> [Assignment]:
From the data below, copy out every line in which the word "offdiag" occurs.

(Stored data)
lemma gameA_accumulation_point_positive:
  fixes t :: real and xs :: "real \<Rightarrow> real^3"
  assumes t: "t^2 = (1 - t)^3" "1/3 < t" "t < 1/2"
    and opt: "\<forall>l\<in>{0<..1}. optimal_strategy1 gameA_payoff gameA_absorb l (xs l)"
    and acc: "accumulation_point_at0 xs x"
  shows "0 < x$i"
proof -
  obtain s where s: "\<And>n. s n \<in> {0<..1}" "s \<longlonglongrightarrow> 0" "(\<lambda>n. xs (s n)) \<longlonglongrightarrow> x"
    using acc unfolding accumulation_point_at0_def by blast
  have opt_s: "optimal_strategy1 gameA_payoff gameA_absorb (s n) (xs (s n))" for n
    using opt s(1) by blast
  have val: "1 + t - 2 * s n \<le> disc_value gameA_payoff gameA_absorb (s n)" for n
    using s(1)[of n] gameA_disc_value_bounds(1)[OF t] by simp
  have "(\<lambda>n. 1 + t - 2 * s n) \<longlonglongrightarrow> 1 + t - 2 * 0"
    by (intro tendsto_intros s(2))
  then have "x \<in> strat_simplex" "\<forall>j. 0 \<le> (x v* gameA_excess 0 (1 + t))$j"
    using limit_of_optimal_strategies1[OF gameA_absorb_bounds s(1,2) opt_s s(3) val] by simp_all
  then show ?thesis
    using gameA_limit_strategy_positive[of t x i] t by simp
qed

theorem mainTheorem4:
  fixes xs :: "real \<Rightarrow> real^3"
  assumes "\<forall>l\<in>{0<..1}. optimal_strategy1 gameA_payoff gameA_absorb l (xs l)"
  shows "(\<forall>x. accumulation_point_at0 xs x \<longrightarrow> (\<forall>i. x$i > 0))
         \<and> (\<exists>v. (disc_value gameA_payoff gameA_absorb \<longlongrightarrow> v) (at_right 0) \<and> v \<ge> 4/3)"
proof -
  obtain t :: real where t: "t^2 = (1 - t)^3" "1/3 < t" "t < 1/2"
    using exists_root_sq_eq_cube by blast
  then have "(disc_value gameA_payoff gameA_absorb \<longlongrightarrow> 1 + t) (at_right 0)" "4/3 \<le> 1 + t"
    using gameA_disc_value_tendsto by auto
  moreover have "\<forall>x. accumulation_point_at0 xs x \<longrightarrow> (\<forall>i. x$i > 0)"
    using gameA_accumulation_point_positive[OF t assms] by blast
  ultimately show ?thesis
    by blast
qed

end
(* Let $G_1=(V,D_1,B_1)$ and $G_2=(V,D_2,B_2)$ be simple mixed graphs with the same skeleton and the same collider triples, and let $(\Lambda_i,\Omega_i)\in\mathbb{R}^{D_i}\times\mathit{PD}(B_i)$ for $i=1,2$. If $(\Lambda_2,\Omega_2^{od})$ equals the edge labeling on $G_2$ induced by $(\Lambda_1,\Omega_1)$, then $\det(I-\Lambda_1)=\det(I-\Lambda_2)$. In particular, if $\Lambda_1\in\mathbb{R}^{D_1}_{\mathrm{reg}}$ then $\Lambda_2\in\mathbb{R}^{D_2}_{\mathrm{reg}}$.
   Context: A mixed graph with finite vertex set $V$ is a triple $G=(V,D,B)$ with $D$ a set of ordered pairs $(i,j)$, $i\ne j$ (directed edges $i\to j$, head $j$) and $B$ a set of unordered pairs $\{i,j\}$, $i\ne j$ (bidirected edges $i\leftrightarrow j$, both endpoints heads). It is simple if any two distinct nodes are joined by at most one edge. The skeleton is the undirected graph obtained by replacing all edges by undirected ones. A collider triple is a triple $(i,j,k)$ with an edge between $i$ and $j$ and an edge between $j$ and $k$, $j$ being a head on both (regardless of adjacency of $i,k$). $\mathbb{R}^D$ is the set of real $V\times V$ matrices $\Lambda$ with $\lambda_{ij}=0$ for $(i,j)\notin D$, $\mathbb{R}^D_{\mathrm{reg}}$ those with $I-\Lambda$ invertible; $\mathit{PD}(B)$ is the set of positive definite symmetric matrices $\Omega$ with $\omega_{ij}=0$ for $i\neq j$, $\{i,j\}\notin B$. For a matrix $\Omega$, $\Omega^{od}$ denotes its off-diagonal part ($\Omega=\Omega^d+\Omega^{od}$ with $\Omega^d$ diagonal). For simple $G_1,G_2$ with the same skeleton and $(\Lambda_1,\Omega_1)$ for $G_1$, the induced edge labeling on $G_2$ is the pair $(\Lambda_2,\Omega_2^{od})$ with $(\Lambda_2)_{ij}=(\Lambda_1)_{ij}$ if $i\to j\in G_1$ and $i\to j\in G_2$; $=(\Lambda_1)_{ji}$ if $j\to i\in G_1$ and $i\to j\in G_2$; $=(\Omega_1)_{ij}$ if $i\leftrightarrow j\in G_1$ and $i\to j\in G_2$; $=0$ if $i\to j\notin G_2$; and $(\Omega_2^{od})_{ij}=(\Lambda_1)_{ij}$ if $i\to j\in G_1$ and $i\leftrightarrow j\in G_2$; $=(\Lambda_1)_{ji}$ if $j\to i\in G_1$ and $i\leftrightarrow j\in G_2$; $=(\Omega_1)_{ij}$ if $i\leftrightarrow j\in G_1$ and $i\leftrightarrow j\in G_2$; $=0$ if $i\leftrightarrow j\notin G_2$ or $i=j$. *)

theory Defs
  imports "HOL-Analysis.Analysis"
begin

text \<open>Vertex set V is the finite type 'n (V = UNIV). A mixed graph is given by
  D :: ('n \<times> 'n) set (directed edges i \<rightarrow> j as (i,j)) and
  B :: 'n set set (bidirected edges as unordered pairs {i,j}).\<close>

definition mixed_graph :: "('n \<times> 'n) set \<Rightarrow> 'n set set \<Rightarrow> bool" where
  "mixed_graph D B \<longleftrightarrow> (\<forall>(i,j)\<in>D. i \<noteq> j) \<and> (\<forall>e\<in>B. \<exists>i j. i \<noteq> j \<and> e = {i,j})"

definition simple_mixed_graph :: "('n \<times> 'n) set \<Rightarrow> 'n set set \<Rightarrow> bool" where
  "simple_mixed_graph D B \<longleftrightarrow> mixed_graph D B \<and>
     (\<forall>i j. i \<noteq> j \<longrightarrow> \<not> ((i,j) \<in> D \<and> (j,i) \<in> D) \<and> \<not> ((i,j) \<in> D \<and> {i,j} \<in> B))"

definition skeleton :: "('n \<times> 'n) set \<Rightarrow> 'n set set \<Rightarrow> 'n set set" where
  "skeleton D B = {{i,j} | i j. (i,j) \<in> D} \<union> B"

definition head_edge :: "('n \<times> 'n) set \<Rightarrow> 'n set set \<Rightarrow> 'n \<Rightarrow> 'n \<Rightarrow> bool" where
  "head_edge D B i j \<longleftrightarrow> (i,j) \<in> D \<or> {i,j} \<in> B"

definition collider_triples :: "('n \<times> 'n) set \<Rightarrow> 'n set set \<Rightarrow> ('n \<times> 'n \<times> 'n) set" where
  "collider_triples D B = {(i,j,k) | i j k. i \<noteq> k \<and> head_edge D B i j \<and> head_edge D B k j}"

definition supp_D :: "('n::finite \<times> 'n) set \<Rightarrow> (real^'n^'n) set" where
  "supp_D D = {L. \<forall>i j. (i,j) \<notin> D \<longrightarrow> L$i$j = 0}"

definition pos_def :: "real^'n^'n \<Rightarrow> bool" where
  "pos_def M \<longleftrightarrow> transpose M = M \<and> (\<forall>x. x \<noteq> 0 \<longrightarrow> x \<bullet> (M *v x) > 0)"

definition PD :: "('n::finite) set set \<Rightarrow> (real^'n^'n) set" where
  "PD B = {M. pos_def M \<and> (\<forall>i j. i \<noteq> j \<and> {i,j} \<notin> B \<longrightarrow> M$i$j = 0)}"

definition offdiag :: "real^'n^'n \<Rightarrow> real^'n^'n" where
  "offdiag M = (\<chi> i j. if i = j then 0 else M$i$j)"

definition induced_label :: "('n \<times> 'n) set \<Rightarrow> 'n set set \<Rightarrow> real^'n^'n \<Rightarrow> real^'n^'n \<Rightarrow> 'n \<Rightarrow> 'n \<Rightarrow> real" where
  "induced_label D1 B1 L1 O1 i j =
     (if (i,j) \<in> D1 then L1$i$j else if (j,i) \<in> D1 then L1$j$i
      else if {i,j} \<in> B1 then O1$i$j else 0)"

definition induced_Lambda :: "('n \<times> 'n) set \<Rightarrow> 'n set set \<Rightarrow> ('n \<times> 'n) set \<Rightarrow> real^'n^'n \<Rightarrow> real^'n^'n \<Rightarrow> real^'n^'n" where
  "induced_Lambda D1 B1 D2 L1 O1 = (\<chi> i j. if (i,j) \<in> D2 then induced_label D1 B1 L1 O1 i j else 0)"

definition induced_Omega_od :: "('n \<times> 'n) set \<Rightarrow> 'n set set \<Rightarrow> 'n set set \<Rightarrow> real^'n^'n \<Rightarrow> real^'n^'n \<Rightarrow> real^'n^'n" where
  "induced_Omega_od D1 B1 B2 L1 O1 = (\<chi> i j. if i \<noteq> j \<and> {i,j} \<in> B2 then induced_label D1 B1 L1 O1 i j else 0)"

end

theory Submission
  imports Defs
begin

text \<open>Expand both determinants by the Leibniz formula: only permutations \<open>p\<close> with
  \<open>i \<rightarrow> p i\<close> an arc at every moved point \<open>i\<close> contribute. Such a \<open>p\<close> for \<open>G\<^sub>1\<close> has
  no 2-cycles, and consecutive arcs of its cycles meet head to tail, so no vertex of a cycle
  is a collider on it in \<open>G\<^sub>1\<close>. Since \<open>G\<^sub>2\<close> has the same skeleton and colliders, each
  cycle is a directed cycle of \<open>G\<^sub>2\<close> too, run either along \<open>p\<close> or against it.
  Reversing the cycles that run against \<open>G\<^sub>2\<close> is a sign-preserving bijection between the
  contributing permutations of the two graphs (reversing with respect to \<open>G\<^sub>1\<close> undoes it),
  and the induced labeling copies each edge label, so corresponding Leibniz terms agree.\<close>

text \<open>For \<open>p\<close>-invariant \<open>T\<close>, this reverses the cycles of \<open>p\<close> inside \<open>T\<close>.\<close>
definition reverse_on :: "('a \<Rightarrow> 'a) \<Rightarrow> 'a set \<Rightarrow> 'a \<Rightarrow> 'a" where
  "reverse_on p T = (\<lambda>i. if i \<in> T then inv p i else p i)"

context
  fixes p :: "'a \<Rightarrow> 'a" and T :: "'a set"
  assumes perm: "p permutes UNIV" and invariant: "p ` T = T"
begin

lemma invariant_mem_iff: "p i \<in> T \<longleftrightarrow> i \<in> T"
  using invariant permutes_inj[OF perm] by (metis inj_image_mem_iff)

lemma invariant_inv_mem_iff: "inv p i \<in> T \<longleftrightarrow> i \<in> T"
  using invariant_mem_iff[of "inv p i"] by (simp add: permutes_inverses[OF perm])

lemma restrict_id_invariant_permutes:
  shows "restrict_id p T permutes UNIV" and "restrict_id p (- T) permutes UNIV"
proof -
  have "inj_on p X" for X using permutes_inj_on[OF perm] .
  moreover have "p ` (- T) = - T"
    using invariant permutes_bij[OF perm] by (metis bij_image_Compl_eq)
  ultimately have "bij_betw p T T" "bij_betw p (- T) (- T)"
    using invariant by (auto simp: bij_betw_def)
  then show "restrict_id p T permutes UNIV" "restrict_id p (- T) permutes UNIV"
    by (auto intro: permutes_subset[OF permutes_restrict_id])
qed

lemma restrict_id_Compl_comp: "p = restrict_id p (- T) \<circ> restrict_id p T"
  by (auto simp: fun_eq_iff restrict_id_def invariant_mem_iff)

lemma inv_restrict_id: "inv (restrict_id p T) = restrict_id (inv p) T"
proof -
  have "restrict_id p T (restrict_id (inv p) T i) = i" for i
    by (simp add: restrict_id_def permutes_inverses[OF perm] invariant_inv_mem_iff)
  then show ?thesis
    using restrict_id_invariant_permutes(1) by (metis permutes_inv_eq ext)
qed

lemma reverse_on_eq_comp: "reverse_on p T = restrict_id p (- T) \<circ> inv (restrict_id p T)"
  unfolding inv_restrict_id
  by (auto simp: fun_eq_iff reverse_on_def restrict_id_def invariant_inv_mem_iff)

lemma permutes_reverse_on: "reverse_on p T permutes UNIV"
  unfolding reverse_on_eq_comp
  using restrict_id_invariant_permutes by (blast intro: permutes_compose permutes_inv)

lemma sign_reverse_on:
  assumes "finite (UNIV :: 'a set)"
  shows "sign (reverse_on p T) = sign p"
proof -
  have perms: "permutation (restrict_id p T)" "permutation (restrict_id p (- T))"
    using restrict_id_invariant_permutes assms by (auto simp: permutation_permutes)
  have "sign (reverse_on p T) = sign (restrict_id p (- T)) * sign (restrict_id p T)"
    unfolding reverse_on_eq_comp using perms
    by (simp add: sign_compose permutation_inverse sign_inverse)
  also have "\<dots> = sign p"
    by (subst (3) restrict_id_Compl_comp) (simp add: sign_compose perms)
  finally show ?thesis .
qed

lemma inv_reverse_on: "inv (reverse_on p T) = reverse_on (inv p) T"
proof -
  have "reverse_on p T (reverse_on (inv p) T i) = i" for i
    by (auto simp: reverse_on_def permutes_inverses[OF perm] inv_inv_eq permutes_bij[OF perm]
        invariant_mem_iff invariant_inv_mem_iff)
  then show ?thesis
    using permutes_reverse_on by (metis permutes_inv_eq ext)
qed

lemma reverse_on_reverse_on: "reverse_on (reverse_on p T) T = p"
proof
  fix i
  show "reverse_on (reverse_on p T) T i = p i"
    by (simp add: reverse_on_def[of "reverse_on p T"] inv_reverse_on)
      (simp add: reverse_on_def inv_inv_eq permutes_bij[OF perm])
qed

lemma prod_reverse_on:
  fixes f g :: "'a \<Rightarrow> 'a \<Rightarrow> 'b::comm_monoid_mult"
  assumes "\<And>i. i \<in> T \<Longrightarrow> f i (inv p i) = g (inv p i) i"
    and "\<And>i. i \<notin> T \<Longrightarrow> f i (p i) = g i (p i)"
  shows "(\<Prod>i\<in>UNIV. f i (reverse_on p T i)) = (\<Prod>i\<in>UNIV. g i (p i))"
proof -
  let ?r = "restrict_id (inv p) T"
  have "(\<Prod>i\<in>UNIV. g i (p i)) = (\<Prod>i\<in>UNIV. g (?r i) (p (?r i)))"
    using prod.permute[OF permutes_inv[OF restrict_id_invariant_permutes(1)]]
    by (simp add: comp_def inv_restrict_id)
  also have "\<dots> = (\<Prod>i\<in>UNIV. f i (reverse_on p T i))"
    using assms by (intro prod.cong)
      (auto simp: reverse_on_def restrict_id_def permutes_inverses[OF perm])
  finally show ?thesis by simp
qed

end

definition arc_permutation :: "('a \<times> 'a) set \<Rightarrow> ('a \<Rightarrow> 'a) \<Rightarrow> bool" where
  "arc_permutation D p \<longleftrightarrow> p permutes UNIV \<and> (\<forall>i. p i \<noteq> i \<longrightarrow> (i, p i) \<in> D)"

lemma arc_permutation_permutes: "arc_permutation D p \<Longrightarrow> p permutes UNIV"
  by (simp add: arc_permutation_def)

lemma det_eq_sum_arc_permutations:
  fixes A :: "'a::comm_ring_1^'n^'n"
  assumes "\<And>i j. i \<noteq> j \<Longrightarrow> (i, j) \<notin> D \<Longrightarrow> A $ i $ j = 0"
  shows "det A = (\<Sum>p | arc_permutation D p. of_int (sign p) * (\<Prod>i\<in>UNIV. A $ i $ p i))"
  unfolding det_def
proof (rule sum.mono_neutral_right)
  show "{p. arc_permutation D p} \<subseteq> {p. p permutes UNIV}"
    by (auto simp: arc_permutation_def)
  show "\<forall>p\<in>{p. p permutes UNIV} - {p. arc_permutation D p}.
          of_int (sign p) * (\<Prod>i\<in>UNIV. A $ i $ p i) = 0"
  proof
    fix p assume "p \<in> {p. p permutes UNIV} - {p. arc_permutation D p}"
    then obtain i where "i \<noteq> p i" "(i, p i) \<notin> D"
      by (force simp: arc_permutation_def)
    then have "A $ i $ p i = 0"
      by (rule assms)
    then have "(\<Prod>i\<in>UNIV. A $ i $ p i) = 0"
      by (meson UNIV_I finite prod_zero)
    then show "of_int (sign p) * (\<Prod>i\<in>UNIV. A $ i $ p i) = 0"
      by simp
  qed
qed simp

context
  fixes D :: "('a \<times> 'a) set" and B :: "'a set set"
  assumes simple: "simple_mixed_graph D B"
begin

> [Answer area]:
definition offdiag :: "real^'n^'n \<Rightarrow> real^'n^'n" where
  "offdiag M = (\<chi> i j. if i = j then 0 else M$i$j)"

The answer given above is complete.